• [The task]
Every line of the records that holds the word "subseteq" should be copied.

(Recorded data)
====================

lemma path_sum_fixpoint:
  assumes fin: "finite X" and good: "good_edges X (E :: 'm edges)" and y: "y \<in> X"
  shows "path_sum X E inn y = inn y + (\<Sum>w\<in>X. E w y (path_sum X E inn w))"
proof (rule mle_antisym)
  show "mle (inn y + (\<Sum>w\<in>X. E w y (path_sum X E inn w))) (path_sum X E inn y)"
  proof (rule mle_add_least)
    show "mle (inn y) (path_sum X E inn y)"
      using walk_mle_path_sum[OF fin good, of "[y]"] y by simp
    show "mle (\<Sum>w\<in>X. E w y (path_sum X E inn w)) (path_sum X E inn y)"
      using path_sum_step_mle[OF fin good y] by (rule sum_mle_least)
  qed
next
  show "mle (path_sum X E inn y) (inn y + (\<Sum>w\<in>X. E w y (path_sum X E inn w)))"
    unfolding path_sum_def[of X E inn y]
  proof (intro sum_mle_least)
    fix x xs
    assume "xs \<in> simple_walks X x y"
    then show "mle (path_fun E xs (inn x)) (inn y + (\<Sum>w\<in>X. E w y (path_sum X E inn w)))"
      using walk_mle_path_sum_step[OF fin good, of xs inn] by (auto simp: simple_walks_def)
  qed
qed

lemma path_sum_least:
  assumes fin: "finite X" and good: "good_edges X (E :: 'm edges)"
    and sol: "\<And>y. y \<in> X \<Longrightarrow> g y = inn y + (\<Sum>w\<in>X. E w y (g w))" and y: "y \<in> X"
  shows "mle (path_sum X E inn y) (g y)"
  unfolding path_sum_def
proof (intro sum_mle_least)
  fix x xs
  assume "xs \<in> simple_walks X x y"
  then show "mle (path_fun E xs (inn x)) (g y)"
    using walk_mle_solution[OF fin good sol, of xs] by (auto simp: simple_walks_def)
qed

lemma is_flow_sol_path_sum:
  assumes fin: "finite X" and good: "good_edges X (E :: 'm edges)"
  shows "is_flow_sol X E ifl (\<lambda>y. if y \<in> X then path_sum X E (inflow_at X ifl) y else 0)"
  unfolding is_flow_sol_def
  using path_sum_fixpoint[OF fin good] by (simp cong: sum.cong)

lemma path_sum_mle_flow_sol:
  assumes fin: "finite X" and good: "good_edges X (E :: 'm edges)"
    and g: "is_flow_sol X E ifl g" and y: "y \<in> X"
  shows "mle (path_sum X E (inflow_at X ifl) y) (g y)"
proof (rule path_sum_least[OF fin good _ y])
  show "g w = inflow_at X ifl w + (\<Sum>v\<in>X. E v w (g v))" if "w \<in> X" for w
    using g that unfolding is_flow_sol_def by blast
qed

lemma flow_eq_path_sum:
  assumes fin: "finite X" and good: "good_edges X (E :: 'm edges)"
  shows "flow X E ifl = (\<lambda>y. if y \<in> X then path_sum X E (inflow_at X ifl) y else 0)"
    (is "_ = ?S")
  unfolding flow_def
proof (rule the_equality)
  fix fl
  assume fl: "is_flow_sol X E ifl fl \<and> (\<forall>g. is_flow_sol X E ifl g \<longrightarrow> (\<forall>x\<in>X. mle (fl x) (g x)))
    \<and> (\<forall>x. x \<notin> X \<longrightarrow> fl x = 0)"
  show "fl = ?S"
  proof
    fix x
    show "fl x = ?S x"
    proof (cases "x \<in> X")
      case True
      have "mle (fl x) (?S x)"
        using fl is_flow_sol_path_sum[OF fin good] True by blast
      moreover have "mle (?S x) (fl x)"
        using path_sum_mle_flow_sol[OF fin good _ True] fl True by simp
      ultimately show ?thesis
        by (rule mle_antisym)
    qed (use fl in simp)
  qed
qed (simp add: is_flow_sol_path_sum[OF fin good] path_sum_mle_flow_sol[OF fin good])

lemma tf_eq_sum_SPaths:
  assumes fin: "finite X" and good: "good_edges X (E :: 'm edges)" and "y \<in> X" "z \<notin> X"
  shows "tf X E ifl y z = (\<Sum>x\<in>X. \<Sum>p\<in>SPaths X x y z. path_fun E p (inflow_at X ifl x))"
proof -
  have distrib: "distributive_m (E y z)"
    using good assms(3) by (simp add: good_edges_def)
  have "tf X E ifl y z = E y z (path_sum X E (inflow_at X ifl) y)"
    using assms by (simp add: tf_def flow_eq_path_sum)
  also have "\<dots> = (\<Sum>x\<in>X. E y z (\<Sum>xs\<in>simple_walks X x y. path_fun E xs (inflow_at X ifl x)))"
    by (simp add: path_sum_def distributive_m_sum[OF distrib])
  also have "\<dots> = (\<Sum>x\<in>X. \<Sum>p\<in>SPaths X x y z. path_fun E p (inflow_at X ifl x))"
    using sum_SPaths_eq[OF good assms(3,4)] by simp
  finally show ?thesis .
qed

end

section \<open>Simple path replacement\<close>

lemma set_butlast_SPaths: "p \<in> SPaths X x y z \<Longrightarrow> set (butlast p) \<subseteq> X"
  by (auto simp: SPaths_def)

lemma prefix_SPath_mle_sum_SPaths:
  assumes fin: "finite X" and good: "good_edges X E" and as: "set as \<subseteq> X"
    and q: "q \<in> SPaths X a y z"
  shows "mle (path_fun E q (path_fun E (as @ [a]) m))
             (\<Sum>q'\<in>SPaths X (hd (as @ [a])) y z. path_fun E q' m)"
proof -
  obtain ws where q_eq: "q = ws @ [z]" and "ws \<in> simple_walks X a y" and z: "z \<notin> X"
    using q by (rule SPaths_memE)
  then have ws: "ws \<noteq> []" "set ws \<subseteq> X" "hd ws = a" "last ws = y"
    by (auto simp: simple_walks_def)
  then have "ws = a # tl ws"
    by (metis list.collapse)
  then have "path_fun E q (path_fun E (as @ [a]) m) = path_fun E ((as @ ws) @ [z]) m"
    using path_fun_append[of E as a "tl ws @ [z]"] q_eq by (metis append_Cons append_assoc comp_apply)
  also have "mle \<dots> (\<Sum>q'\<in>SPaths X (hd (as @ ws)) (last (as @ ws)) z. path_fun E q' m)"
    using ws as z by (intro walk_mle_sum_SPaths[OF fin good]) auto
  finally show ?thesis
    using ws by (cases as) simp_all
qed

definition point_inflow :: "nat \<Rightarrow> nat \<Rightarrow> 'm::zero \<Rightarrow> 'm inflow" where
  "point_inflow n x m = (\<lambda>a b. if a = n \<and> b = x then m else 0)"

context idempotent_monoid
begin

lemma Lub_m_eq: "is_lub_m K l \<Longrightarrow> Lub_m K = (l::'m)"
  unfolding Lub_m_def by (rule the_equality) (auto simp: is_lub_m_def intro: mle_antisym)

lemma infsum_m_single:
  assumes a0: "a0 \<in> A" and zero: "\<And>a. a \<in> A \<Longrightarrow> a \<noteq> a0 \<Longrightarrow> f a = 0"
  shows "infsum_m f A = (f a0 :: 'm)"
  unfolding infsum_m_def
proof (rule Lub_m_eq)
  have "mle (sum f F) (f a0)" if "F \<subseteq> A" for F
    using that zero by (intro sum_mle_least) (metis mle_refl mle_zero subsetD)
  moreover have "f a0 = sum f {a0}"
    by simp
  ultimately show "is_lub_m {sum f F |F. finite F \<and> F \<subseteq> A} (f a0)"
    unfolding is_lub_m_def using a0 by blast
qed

====================

• [Worked solution]
lemma set_butlast_SPaths: "p \<in> SPaths X x y z \<Longrightarrow> set (butlast p) \<subseteq> X"
  assumes fin: "finite X" and good: "good_edges X E" and as: "set as \<subseteq> X"
  then have ws: "ws \<noteq> []" "set ws \<subseteq> X" "hd ws = a" "last ws = y"
  have "mle (sum f F) (f a0)" if "F \<subseteq> A" for F
  ultimately show "is_lub_m {sum f F |F. finite F \<and> F \<subseteq> A} (f a0)"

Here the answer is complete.